Penerimaan Pajak Melambat di Agustus 2022Menkeu Sri Mulyani menyampaikan penjelasan pemerintah dalam rapat kerja dengan Komisi XI DPR di Kompleks Parlemen, Senayan, Jakarta, Senin (13/9). ANTARA FOTO/Akbar Nugroho Gumay.
27 September 2022
Follow Fortune Indonesia untuk mendapatkan informasi terkini. Klik untuk follow WhatsApp Channel & Google News

Jakarta, FORTUNE - Penerimaan pajak pada Agustus 2022 mengalami perlambatan hampir di seluruh jenis dibandingkan capaian bulan sebelumnya. Kementerian Keuangan mencatat, pajak penghasilan (PPh) 21 hanya tumbuh 28,2 persen (year on year/yoy), lebih rendah Juli 2022 yang mencapai 29,4 persen (yoy). Demikian pula PPh impor yang hanya tumbuh 35,7 persen (yoy) atau lebih lambat dibandingkan bulan sebelumnya yang naik sebesar 53,7 persen (yoy). 

Lalu, pertumbuhan PPh Badan melambat menjadi 121,7 persen (yoy) dari 121,9 persen (yoy) pada Juli, dan PPN Dalam Negeri melambat menjadi 24,8 persen (yoy) dari sebelumnya 70,6 persen (yoy).
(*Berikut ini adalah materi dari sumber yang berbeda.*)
lemma mixed_frame_identity:
  fixes x :: "'i::finite \<Rightarrow> real" and \<alpha> \<beta> c t1 t2 N y :: real
  defines "n \<equiv> real CARD('i)" and "s \<equiv> \<alpha>\<^sup>2 + \<beta>\<^sup>2"
  assumes "n \<noteq> 1"
    and s_eq: "s + 2 * (\<alpha> * \<beta>) * c = 1" and p_eq: "s * c + 2 * (\<alpha> * \<beta>) = 0"
    and "t1 + t2 = 1" and weight: "t1 * \<beta>\<^sup>2 + t2 * \<alpha>\<^sup>2 = (n - 1) / n * s"
    and sum_sq: "(\<Sum>i\<in>UNIV. (x i)\<^sup>2) = n * (1 - c\<^sup>2) / (n - 1) * (N - y\<^sup>2) + n * c\<^sup>2 * y\<^sup>2"
    and sum: "(\<Sum>i\<in>UNIV. x i) = n * c * y"
  shows "(\<Sum>i\<in>UNIV. t1 * (\<alpha> * y + \<beta> * x i)\<^sup>2 + t2 * (\<alpha> * x i + \<beta> * y)\<^sup>2) = N"
proof -
  have "n \<noteq> 0" "n - 1 \<noteq> 0"
    using \<open>n \<noteq> 1\<close> by (simp_all add: n_def)
  have p: "2 * (\<alpha> * \<beta>) = - (s * c)"
    using p_eq by linarith
  have "s + - (s * c) * c = 1"
    using s_eq unfolding p .
  then have s_c: "s * (1 - c\<^sup>2) = 1"
    by (simp add: power2_eq_square algebra_simps)
  have "t1 * \<alpha>\<^sup>2 + t2 * \<beta>\<^sup>2 = (t1 + t2) * s - (t1 * \<beta>\<^sup>2 + t2 * \<alpha>\<^sup>2)"
    by (simp add: s_def algebra_simps)
  then have weight_dual: "n * (t1 * \<alpha>\<^sup>2 + t2 * \<beta>\<^sup>2) = s"
    using \<open>t1 + t2 = 1\<close> \<open>n \<noteq> 0\<close> by (simp add: weight field_simps)
  have sq_part: "(t1 * \<beta>\<^sup>2 + t2 * \<alpha>\<^sup>2) * (\<Sum>i\<in>UNIV. (x i)\<^sup>2)
      = s * (1 - c\<^sup>2) * (N - y\<^sup>2) + (n - 1) * s * c\<^sup>2 * y\<^sup>2"
    using \<open>n \<noteq> 0\<close> \<open>n - 1 \<noteq> 0\<close> unfolding weight sum_sq by (simp add: field_simps)
  have "(\<Sum>i\<in>UNIV. t1 * (\<alpha> * y + \<beta> * x i)\<^sup>2 + t2 * (\<alpha> * x i + \<beta> * y)\<^sup>2)
      = (t1 * \<beta>\<^sup>2 + t2 * \<alpha>\<^sup>2) * (\<Sum>i\<in>UNIV. (x i)\<^sup>2) + n * (t1 * \<alpha>\<^sup>2 + t2 * \<beta>\<^sup>2) * y\<^sup>2
        + 2 * (\<alpha> * \<beta>) * y * (\<Sum>i\<in>UNIV. x i)"
    using sum_mixed_squares[OF finite_class.finite_UNIV, where p=t1 and q=t2 and \<alpha>=\<alpha>
        and \<beta>=\<beta> and x=x and y=y] \<open>t1 + t2 = 1\<close>
    by (simp add: n_def)
  also have "\<dots> = (s * (1 - c\<^sup>2) * (N - y\<^sup>2) + (n - 1) * s * c\<^sup>2 * y\<^sup>2) + s * y\<^sup>2
      + - (s * c) * y * (n * c * y)"
    unfolding sq_part weight_dual p sum ..
  also have "\<dots> = s * (1 - c\<^sup>2) * N"
    by (simp add: power2_eq_square algebra_simps)
  finally show ?thesis
    by (simp add: s_c)
qed

lemma ramanujan_bound_normalised:
  fixes lam n :: real
  assumes "n \<ge> 3" and "\<bar>lam\<bar> \<le> 2 * sqrt (n - 1)"
  shows "(lam / n)\<^sup>2 < 1" and "(lam / n)\<^sup>2 \<le> 4 * ((n - 1) / n) * (1 - (n - 1) / n)"
proof -
  have "\<bar>lam\<bar>\<^sup>2 \<le> (2 * sqrt (n - 1))\<^sup>2"
    using assms by (intro power_mono) simp_all
  then have lam_sq: "lam\<^sup>2 \<le> 4 * (n - 1)"
    using \<open>n \<ge> 3\<close> by (simp add: power_mult_distrib)
  have "0 < (n - 2)\<^sup>2"
    using \<open>n \<ge> 3\<close> by simp
  with lam_sq have "lam\<^sup>2 < n\<^sup>2"
    by (simp add: power2_eq_square algebra_simps)
  then show "(lam / n)\<^sup>2 < 1"
    using \<open>n \<ge> 3\<close> by (simp add: power_divide)
  show "(lam / n)\<^sup>2 \<le> 4 * ((n - 1) / n) * (1 - (n - 1) / n)"
    using lam_sq \<open>n \<ge> 3\<close> by (simp add: power_divide power2_eq_square field_simps)
qed

theorem mainTheorem16:
  fixes v :: "'n::finite \<Rightarrow> real ^ 'n" and w :: "real ^ 'n"
    and lam \<alpha> \<beta> :: real
  defines "d \<equiv> CARD('n)"
  assumes d3: "d \<ge> 3"
    and hlam: "\<bar>lam\<bar> \<le> 2 * sqrt (real d - 1)"
    and vunit: "\<And>i. norm (v i) = 1"
    and wunit: "norm w = 1"
    and vv: "\<And>i j. i \<noteq> j \<Longrightarrow> v i \<bullet> v j = (lam\<^sup>2 - real d) / (real d * (real d - 1))"
    and vw: "\<And>i. v i \<bullet> w = lam / real d"
    and orth: "\<And>i. (\<alpha> *\<^sub>R w + \<beta> *\<^sub>R v i) \<bullet> (\<alpha> *\<^sub>R v i + \<beta> *\<^sub>R w) = 0"
    and anorm: "\<And>i. norm (\<alpha> *\<^sub>R w + \<beta> *\<^sub>R v i) = 1"
    and bnorm: "\<And>i. norm (\<alpha> *\<^sub>R v i + \<beta> *\<^sub>R w) = 1"
  shows "\<exists>t1 t2. t1 \<ge> 0 \<and> t2 \<ge> 0 \<and> t1 + t2 = 1 \<and>
    (\<forall>u :: real ^ 'n. (norm u)\<^sup>2 =
       (\<Sum>i\<in>UNIV. t1 * (u \<bullet> (\<alpha> *\<^sub>R w + \<beta> *\<^sub>R v i))\<^sup>2
                   + t2 * (u \<bullet> (\<alpha> *\<^sub>R v i + \<beta> *\<^sub>R w))\<^sup>2))"
proof -
  \<comment> \<open>\<open>bnorm\<close> is redundant: \<open>\<parallel>b\<^sub>i\<parallel> = \<parallel>a\<^sub>i\<parallel>\<close> as \<open>v\<^sub>i\<close> and \<open>w\<close> are unit vectors.\<close>
  define n where "n = real d"
  define c where "c = lam / n"
  have "n \<ge> 3"
    using d3 by (simp add: n_def)
  have "c\<^sup>2 < 1" and c_sq: "c\<^sup>2 \<le> 4 * ((n - 1) / n) * (1 - (n - 1) / n)"
    using ramanujan_bound_normalised[OF \<open>n \<ge> 3\<close> hlam[folded n_def]] by (simp_all add: c_def)
  have vv': "v i \<bullet> v j = (n * c\<^sup>2 - 1) / (n - 1)" if "i \<noteq> j" for i j
    using vv[OF that] \<open>n \<ge> 3\<close> by (simp add: c_def n_def field_simps power2_eq_square)
  have vw': "v i \<bullet> w = c" for i
    using vw by (simp add: c_def n_def)
  obtain i :: 'n where True by simp
  have coeff: "(\<alpha>\<^sup>2 + \<beta>\<^sup>2) + 2 * (\<alpha> * \<beta>) * c = 1"
    "(\<alpha>\<^sup>2 + \<beta>\<^sup>2) * c + 2 * (\<alpha> * \<beta>) = 0"
    using unit_pair_coefficients[OF vunit wunit anorm orth, of i] by (simp_all add: vw')
  obtain t1 t2 where t: "t1 \<ge> 0" "t2 \<ge> 0" "t1 + t2 = 1"
    and weight: "t1 * \<beta>\<^sup>2 + t2 * \<alpha>\<^sup>2 = (n - 1) / n * (\<alpha>\<^sup>2 + \<beta>\<^sup>2)"
    using mixing_weights_exist[OF coeff(2) c_sq] by blast
  have "(norm u)\<^sup>2 = (\<Sum>i\<in>UNIV. t1 * (u \<bullet> (\<alpha> *\<^sub>R w + \<beta> *\<^sub>R v i))\<^sup>2
      + t2 * (u \<bullet> (\<alpha> *\<^sub>R v i + \<beta> *\<^sub>R w))\<^sup>2)" for u :: "real ^ 'n"
  proof -
    have "(\<Sum>i\<in>UNIV. t1 * (\<alpha> * (u \<bullet> w) + \<beta> * (u \<bullet> v i))\<^sup>2
        + t2 * (\<alpha> * (u \<bullet> v i) + \<beta> * (u \<bullet> w))\<^sup>2) = u \<bullet> u"
      using sum_inner_equiangular[where v=v and w=w and c=c and u=u] \<open>c\<^sup>2 < 1\<close> vunit wunit vv' vw'
        d3 coeff t(3) weight
      by (intro mixed_frame_identity[where c=c]) (simp_all add: n_def d_def)
    then show ?thesis
      by (simp add: inner_add_right power2_norm_eq_inner)
  qed
  with t show ?thesis
    by blast
qed
lemma conv_ideal_UN_if_tendsto:
  assumes S: "\<And>n. S n \<in> conv_ideal" and fin: "\<forall>\<^sub>F n in sequentially. finite (S n)"
    and close: "\<And>e. e > 0 \<Longrightarrow> \<forall>\<^sub>F n in sequentially. \<forall>x\<in>S n. dist (real_of_rat x) w < e"
  shows "(\<Union>n. S n) \<in> conv_ideal"
proof -
  obtain N where N: "\<And>n. n \<ge> N \<Longrightarrow> finite (S n)"
    using fin unfolding eventually_sequentially by blast
  have "S n \<subseteq> Q01" for n
    using S[of n] unfolding conv_ideal_iff by blast
  then have "(\<Union>n\<in>{N..}. S n) \<subseteq> Q01"
    by blast
  then have "(\<Union>n\<in>{N..}. S n) \<in> conv_ideal"
  proof (rule conv_ideal_if_far_points_finite)
    fix e :: real assume "e > 0"
    obtain M where M: "\<And>n x. n \<ge> M \<Longrightarrow> x \<in> S n \<Longrightarrow> dist (real_of_rat x) w < e"
      using close[OF \<open>e > 0\<close>] unfolding eventually_sequentially by blast
    have "{x \<in> (\<Union>n\<in>{N..}. S n). e \<le> dist (real_of_rat x) w} \<subseteq> (\<Union>n\<in>{N..<M}. S n)"
    proof
      fix x assume "x \<in> {x \<in> (\<Union>n\<in>{N..}. S n). e \<le> dist (real_of_rat x) w}"
      then obtain n where "n \<ge> N" "x \<in> S n" "e \<le> dist (real_of_rat x) w"
        by blast
      moreover have "n < M"
        using M calculation(2,3) by (meson not_le not_less)
      ultimately show "x \<in> (\<Union>n\<in>{N..<M}. S n)"
        by auto
    qed
    moreover have "finite (\<Union>n\<in>{N..<M}. S n)"
      using N by auto
    ultimately show "finite {x \<in> (\<Union>n\<in>{N..}. S n). e \<le> dist (real_of_rat x) w}"
      by (rule finite_subset)
  qed
  moreover have "(\<Union>n\<in>{..<N}. S n) \<in> conv_ideal"
    by (rule set_ideal_UN[OF set_ideal_conv_ideal]) (simp_all add: S)
  ultimately have "(\<Union>n\<in>{N..}. S n) \<union> (\<Union>n\<in>{..<N}. S n) \<in> conv_ideal"
    by (rule conv_ideal_Un)
  moreover have "(\<Union>n. S n) \<subseteq> (\<Union>n\<in>{N..}. S n) \<union> (\<Union>n\<in>{..<N}. S n)"
  proof
    fix x assume "x \<in> (\<Union>n. S n)"
    then obtain n where "x \<in> S n"
      by blast
    then show "x \<in> (\<Union>n\<in>{N..}. S n) \<union> (\<Union>n\<in>{..<N}. S n)"
      by (cases "n < N") auto
  qed
  ultimately show ?thesis
    by (rule conv_ideal_subset)
qed

lemma real_of_rat_Q01: "X \<subseteq> Q01 \<Longrightarrow> real_of_rat ` X \<subseteq> {0..1}"
  unfolding Q01_def by auto

lemma finite_limpts_if_conv_ideal:
  assumes "X \<in> conv_ideal"
  shows "finite {p. p islimpt real_of_rat ` X}"
proof -
  obtain S F where S: "finite S" "finite F" "\<forall>s\<in>S. conv_seq s" "X \<subseteq> F \<union> (\<Union>s\<in>S. range s)"
    using assms unfolding conv_ideal_iff by blast
  have "p \<in> (\<lambda>s. lim (\<lambda>n. real_of_rat (s n))) ` S" if p: "p islimpt real_of_rat ` X" for p
  proof -
    have "real_of_rat ` X \<subseteq> real_of_rat ` F \<union> (\<Union>s\<in>S. range (\<lambda>n. real_of_rat (s n)))"
      using S(4) by auto
    then have "p islimpt real_of_rat ` F \<union> (\<Union>s\<in>S. range (\<lambda>n. real_of_rat (s n)))"
      by (rule islimpt_subset[OF p])
    moreover have "\<not> p islimpt real_of_rat ` F"
      using S(2) by (simp add: islimpt_finite)
    ultimately have "p islimpt (\<Union>s\<in>S. range (\<lambda>n. real_of_rat (s n)))"
      by (simp add: islimpt_Un)
    then obtain s where s: "s \<in> S" "p islimpt range (\<lambda>n. real_of_rat (s n))"
      using islimpt_finite_union_iff[OF S(1), of p "\<lambda>s. range (\<lambda>n. real_of_rat (s n))"] by blast
    have "convergent (\<lambda>n. real_of_rat (s n))"
      using S(3) s(1) unfolding conv_seq_def by blast
    then have "(\<lambda>n. real_of_rat (s n)) \<longlonglongrightarrow> lim (\<lambda>n. real_of_rat (s n))"
      by (simp add: convergent_LIMSEQ_iff)
    then have "p = lim (\<lambda>n. real_of_rat (s n))"
      using s(2) by (rule sequence_unique_limpt)
    then show ?thesis
      using s(1) by blast
  qed
  then have "{p. p islimpt real_of_rat ` X} \<subseteq> (\<lambda>s. lim (\<lambda>n. real_of_rat (s n))) ` S"
    by blast
  then show ?thesis
    using S(1) by (rule finite_subset[OF _ finite_imageI])
qed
Begitu pun dengan PPN Final yang hanya tumbuh 3 persen (yoy), jauh di bawah Juli yang sebesar 48,4 persen (yoy).

Untuk PPh orang pribadi (OP), kondisinya bahkan berbalik atau mengalami kontraksi sebesar 6,6 persen (yoy). Padahal, di bulan Juli 2022, pertumbuhan PPh OP mencapai 31,9 persen (yoy).

Hanya PPh 26 dan PPh Impor yang tumbuh lebih tinggi dibandingkan bulan sebelumnya. PPh 26 tumbuh 113,9 persen (yoy) atau lebih tinggi dibandingkan Juli yang sebesar 51,9 persen (yoy), sementara PPh Impor tumbuh 63,9 persen (yoy) atau di atas pertumbuhan Juli yang sebesar 56,8 persen (yoy).

Meski demikian, Menteri Keuangan Sri Mulyani Indrawati mengatakan, secara kumulatif penerimaan pajak sejak Januari hingga Agustus masih lebih baik ketimbang periode sama tahun lalu.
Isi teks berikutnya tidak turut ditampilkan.